Rappelons également qu’à fin 2023 Carrefour aura dépensé plus de 2,250 milliards d’euros dans le rachat de ses propre actions, toujours dans ce même objectif de mieux rémunérer ses actionnaires.
Le projet de la location-gérance ou franchise, voué à démanteler la totalité des parcs des Hyper et des Market pour ne garder que les centrales d’achats et la logistique
Carrefour abandonne son activité principale, pour s’orienter vers une activité purement financière, comme nous venons de le voir.
Pourtant quand on analyse la situation économique du groupe, on constate qu’il n’y a aucune raison pour que le groupe abandonne son activité principale, c’est à dire la grande distribution. Regardons ces quelques chiffres pour comprendre :
- en 2020, Carrefour réalise ses meilleurs résultats depuis 20 ans avec +7,8 % de rentabilité, soit 78 milliards d’euros ;
- en 2021, le groupe affiche une solide performance avec un chiffre d’affaires en progression de 11,2 % et une progression de 4,1 % sur les profits, et dépense 700 millions d’euros pour rachat de ses actions
- en 2022, forte progression du chiffre d’affaires – 7,6 % – et 1,21 milliard d’euros de bénéfices ; Carrefour dépense 750 millions d’euros pour rachats de ses actions ;
- en 2023, Carrefour a réalisé un résultat net de 326 millions d’euros au premier semestre, en progression de 5,1 %. Cette année, Carrefour a distribué 450 millions d’euros de dividendes à ses actionnaires et dépense 800 millions d’euros pour rachat de ses propres action.
- les prévisions pour l’année 2024 suivent la même tendance, car Carrefour annonce l’achat de ses propre actions pour un montant de 700 millions d’euros.
Un article publié dans Alternatives Economiques le 29 décembre 2023 faisait le même constat : « Aux commande du groupe depuis 2017, Alexandre Bompard mène une politique de financiarisation tournée vers ses actionnaires, au détriment des salariés et de l’investissement.
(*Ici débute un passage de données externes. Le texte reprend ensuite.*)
(* Let $G$ be a commutative group, $g\in\mathrm{Aut}(G)$, and $t_1,t_2$ fixed points of $g$. Define $f_i(x)=g(x)t_i$ for $i=1,2$. If there is $z\in G$ with $g(z)=z^{-1}t_1^{-1}t_2$, then $G(f_1)$ and $G(f_2)$ are isotopic.
   Context: Construction $G(f)$: for a commutative group $G$ (written multiplicatively) and a bijection $f:G\to G$, let $\overline{G}=\{\overline{x}:x\in G\}$ be a disjoint copy of $G$, and let $G(f)$ be $G\cup\overline{G}$ with multiplication $x*y=xy$, $x*\overline{y}=\overline{xy}$, $\overline{x}*y=\overline{xy}$, $\overline{x}*\overline{y}=f(xy)$ for $x,y\in G$. Loops $(Q_1,* )$ and $(Q_2,\circ)$ are isotopic if there are bijections $\alpha,\beta,\gamma:Q_1\to Q_2$ with $\alpha(u)\circ\beta(v)=\gamma(u*v)$ for all $u,v\in Q_1$. *)

theory Defs
  imports "HOL-Algebra.Algebra"
begin

text \<open>The construction G(f): carrier is a disjoint union of two copies of the group carrier;
  Inl x stands for x, Inr x stands for the barred copy of x.\<close>

definition Gf_carrier :: "('a, 'b) monoid_scheme \<Rightarrow> ('a + 'a) set" where
  "Gf_carrier G = carrier G <+> carrier G"

fun Gf_mult :: "('a, 'b) monoid_scheme \<Rightarrow> ('a \<Rightarrow> 'a) \<Rightarrow> 'a + 'a \<Rightarrow> 'a + 'a \<Rightarrow> 'a + 'a" where
  "Gf_mult G f (Inl x) (Inl y) = Inl (x \<otimes>\<^bsub>G\<^esub> y)"
| "Gf_mult G f (Inl x) (Inr y) = Inr (x \<otimes>\<^bsub>G\<^esub> y)"
| "Gf_mult G f (Inr x) (Inl y) = Inr (x \<otimes>\<^bsub>G\<^esub> y)"
| "Gf_mult G f (Inr x) (Inr y) = Inl (f (x \<otimes>\<^bsub>G\<^esub> y))"

definition isotopic :: "'a set \<Rightarrow> ('a \<Rightarrow> 'a \<Rightarrow> 'a) \<Rightarrow> 'c set \<Rightarrow> ('c \<Rightarrow> 'c \<Rightarrow> 'c) \<Rightarrow> bool" where
  "isotopic Q1 m1 Q2 m2 \<longleftrightarrow>
     (\<exists>\<alpha> \<beta> \<gamma>. bij_betw \<alpha> Q1 Q2 \<and> bij_betw \<beta> Q1 Q2 \<and> bij_betw \<gamma> Q1 Q2 \<and>
        (\<forall>u\<in>Q1. \<forall>v\<in>Q1. m2 (\<alpha> u) (\<beta> v) = \<gamma> (m1 u v)))"

end

theory Submission
  imports Defs
begin

(* Translating
   only the barred copy in the left factor by z^-1 and only the unbarred copy in the
   right (and in the result) by z gives the isotopy
     alpha = id + (z^-1 * _),     beta = gamma = (z * _) + id
   from G(f1) to G(f2).  The three products involving an unbarred element are respected
   because G is commutative; the product of two barred elements is respected exactly
   when f2 (z^-1 w) = z f1 w for all w, which is the criterion of lemma
   Gf_isotopic_by_translation.  For f_i x = g x t_i this condition follows from
   g(z^-1) = (g z)^-1 = z t1 t2^-1, i.e. from the hypothesis on z.  The argument only
   uses that g is an endomorphism. *)

lemma bij_betw_map_sum:
  assumes f: "bij_betw f A A'" and h: "bij_betw h B B'"
  shows "bij_betw (map_sum f h) (A <+> B) (A' <+> B')"
proof (rule bij_betwI)
  show "map_sum f h \<in> A <+> B \<rightarrow> A' <+> B'"
    using f h by (auto intro: bij_betw_apply)
  show "map_sum (inv_into A f) (inv_into B h) \<in> A' <+> B' \<rightarrow> A <+> B"
    using bij_betw_inv_into[OF f] bij_betw_inv_into[OF h] by (auto intro: bij_betw_apply)
  show "map_sum (inv_into A f) (inv_into B h) (map_sum f h x) = x" if "x \<in> A <+> B" for x
    using that f h by (auto simp: bij_betw_def)
  show "map_sum f h (map_sum (inv_into A f) (inv_into B h) y) = y" if "y \<in> A' <+> B'" for y
    using that f h by (auto simp: bij_betw_def f_inv_into_f)
qed

lemma (in group) bij_betw_left_translation:
  assumes "c \<in> carrier G"
  shows "bij_betw (\<lambda>x. c \<otimes> x) (carrier G) (carrier G)"
  using inj_on_cmult[OF assms] surj_const_mult[OF assms] by (simp add: bij_betw_def)

lemma (in comm_group) Gf_isotopic_by_translation:
  assumes z: "z \<in> carrier G"
    and shift: "\<And>w. w \<in> carrier G \<Longrightarrow> f2 (inv z \<otimes> w) = z \<otimes> f1 w"
  shows "isotopic (Gf_carrier G) (Gf_mult G f1) (Gf_carrier G) (Gf_mult G f2)"
proof -
  define \<alpha> :: "'a + 'a \<Rightarrow> 'a + 'a" where "\<alpha> = map_sum (\<lambda>x. x) (\<lambda>x. inv z \<otimes> x)"
  define \<beta> :: "'a + 'a \<Rightarrow> 'a + 'a" where "\<beta> = map_sum (\<lambda>x. z \<otimes> x) (\<lambda>x. x)"
  have id_bij: "bij_betw (\<lambda>x. x) (carrier G) (carrier G)"
    by (simp add: bij_betw_def)
  have \<alpha>_bij: "bij_betw \<alpha> (Gf_carrier G) (Gf_carrier G)"
    unfolding \<alpha>_def Gf_carrier_def
    using bij_betw_map_sum[OF id_bij bij_betw_left_translation] z by simp
  have \<beta>_bij: "bij_betw \<beta> (Gf_carrier G) (Gf_carrier G)"
    unfolding \<beta>_def Gf_carrier_def
    using bij_betw_map_sum[OF bij_betw_left_translation id_bij] z by simp
  have "Gf_mult G f2 (\<alpha> u) (\<beta> v) = \<beta> (Gf_mult G f1 u v)"
    if u: "u \<in> Gf_carrier G" and v: "v \<in> Gf_carrier G" for u v
  proof -
    obtain x y where x: "x \<in> carrier G" and y: "y \<in> carrier G"
      and "u = Inl x \<or> u = Inr x" and "v = Inl y \<or> v = Inr y"
      using u v unfolding Gf_carrier_def by blast
    moreover have "inv z \<otimes> x \<otimes> (z \<otimes> y) = x \<otimes> y"
      using x y z by (metis inv_closed m_assoc m_closed m_lcomm r_inv r_one)
    moreover have "f2 (inv z \<otimes> x \<otimes> y) = z \<otimes> f1 (x \<otimes> y)"
      using x y z shift[of "x \<otimes> y"] by (simp add: m_assoc)
    ultimately show ?thesis
      unfolding \<alpha>_def \<beta>_def using z by (auto simp: m_lcomm)
  qed
  then show ?thesis
    unfolding isotopic_def using \<alpha>_bij \<beta>_bij by blast
qed

lemma (in comm_group) endomorphism_shift:
  assumes g: "g \<in> hom G G"
    and t: "t1 \<in> carrier G" "t2 \<in> carrier G"
    and z: "z \<in> carrier G" and gz: "g z = inv z \<otimes> inv t1 \<otimes> t2"
    and w: "w \<in> carrier G"
  shows "g (inv z \<otimes> w) \<otimes> t2 = z \<otimes> (g w \<otimes> t1)"
proof -
  interpret g: group_hom G G g
    using g by (simp add: group_hom_def group_hom_axioms_def is_group)
  have g_inv_z: "g (inv z) = z \<otimes> t1 \<otimes> inv t2"
    using z t by (simp add: gz inv_mult m_ac)
  have "g (inv z \<otimes> w) \<otimes> t2 = z \<otimes> t1 \<otimes> inv t2 \<otimes> g w \<otimes> t2"
    using w z by (simp add: g_inv_z)
  also have "\<dots> = z \<otimes> (g w \<otimes> t1) \<otimes> (inv t2 \<otimes> t2)"
    using w z t by (simp only: m_ac m_closed inv_closed g.hom_closed)
  also have "\<dots> = z \<otimes> (g w \<otimes> t1)"
    using w z t by simp
  finally show ?thesis .
qed

theorem lemma6p1:
  fixes G :: "('a, 'b) monoid_scheme" and g :: "'a \<Rightarrow> 'a" and t1 t2 :: 'a
  assumes "comm_group G"
    and "g \<in> iso G G"
    and "t1 \<in> carrier G" and "t2 \<in> carrier G"
    and "g t1 = t1" and "g t2 = t2"
    and "\<exists>z\<in>carrier G. g z = inv\<^bsub>G\<^esub> z \<otimes>\<^bsub>G\<^esub> inv\<^bsub>G\<^esub> t1 \<otimes>\<^bsub>G\<^esub> t2"
  shows "isotopic (Gf_carrier G) (Gf_mult G (\<lambda>x. g x \<otimes>\<^bsub>G\<^esub> t1))
                  (Gf_carrier G) (Gf_mult G (\<lambda>x. g x \<otimes>\<^bsub>G\<^esub> t2))"
proof -
  obtain z where z: "z \<in> carrier G"
    and gz: "g z = inv\<^bsub>G\<^esub> z \<otimes>\<^bsub>G\<^esub> inv\<^bsub>G\<^esub> t1 \<otimes>\<^bsub>G\<^esub> t2"
    using assms(7) by blast
  have g_hom: "g \<in> hom G G"
    using assms(2) by (simp add: iso_def)
  show ?thesis
    by (rule comm_group.Gf_isotopic_by_translation[OF assms(1) z],
        rule comm_group.endomorphism_shift[OF assms(1) g_hom assms(3,4) z gz])
qed

end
La hausse spectaculaire des sommes versés aux actionnaires en témoigne. En seulement deux ans (2021 et 2022), ces derniers auront empoché la bagatelle de 2,2 milliards d’euros, soit plus qu’au cours des huit années précédents ».
Alors que les salariés de Carrefour subissent une régression sociale et la dégradation de leurs conditions du travail depuis la mise en place des projets comme la location gérance, la franchise et la vente des magasins au groupe Brésilien Atacadao, Alexandre Bompard a trouvé le financement pour acheter l’enseigne Cora, avec un cout estimé 1,05 milliard d’euros.
D’un côté, il se débarrasse de ses magasins jugés pas assez rentable, de l’autre côté, il trouve le financement nécessaire pour acheter ses concurrents.
Cette acquisition, la plus importante pour Carrefour après le rachat du groupe Promodès en 1999, a un seul objectif, conforter sa deuxième place derrière Leclerc et rester devant Intermarché qui pouvait le doubler après leur acquisition de nombreux magasin du groupe Casino.
Nous pensons que ces activités basées essentiellement faites de rachat, de vente ou de rachat d’actions, ne sont que des activités qu’on peut qualifier de purement financières, et qu’elles mènent le groupe vers un avenir dangereux et incertain.
Pour notre organisation, seule la lutte engagée d’une manière déterminée par l’ensemble des organisations syndicales avec les salariés pourra stopper ces projets de destruction sociale et humain.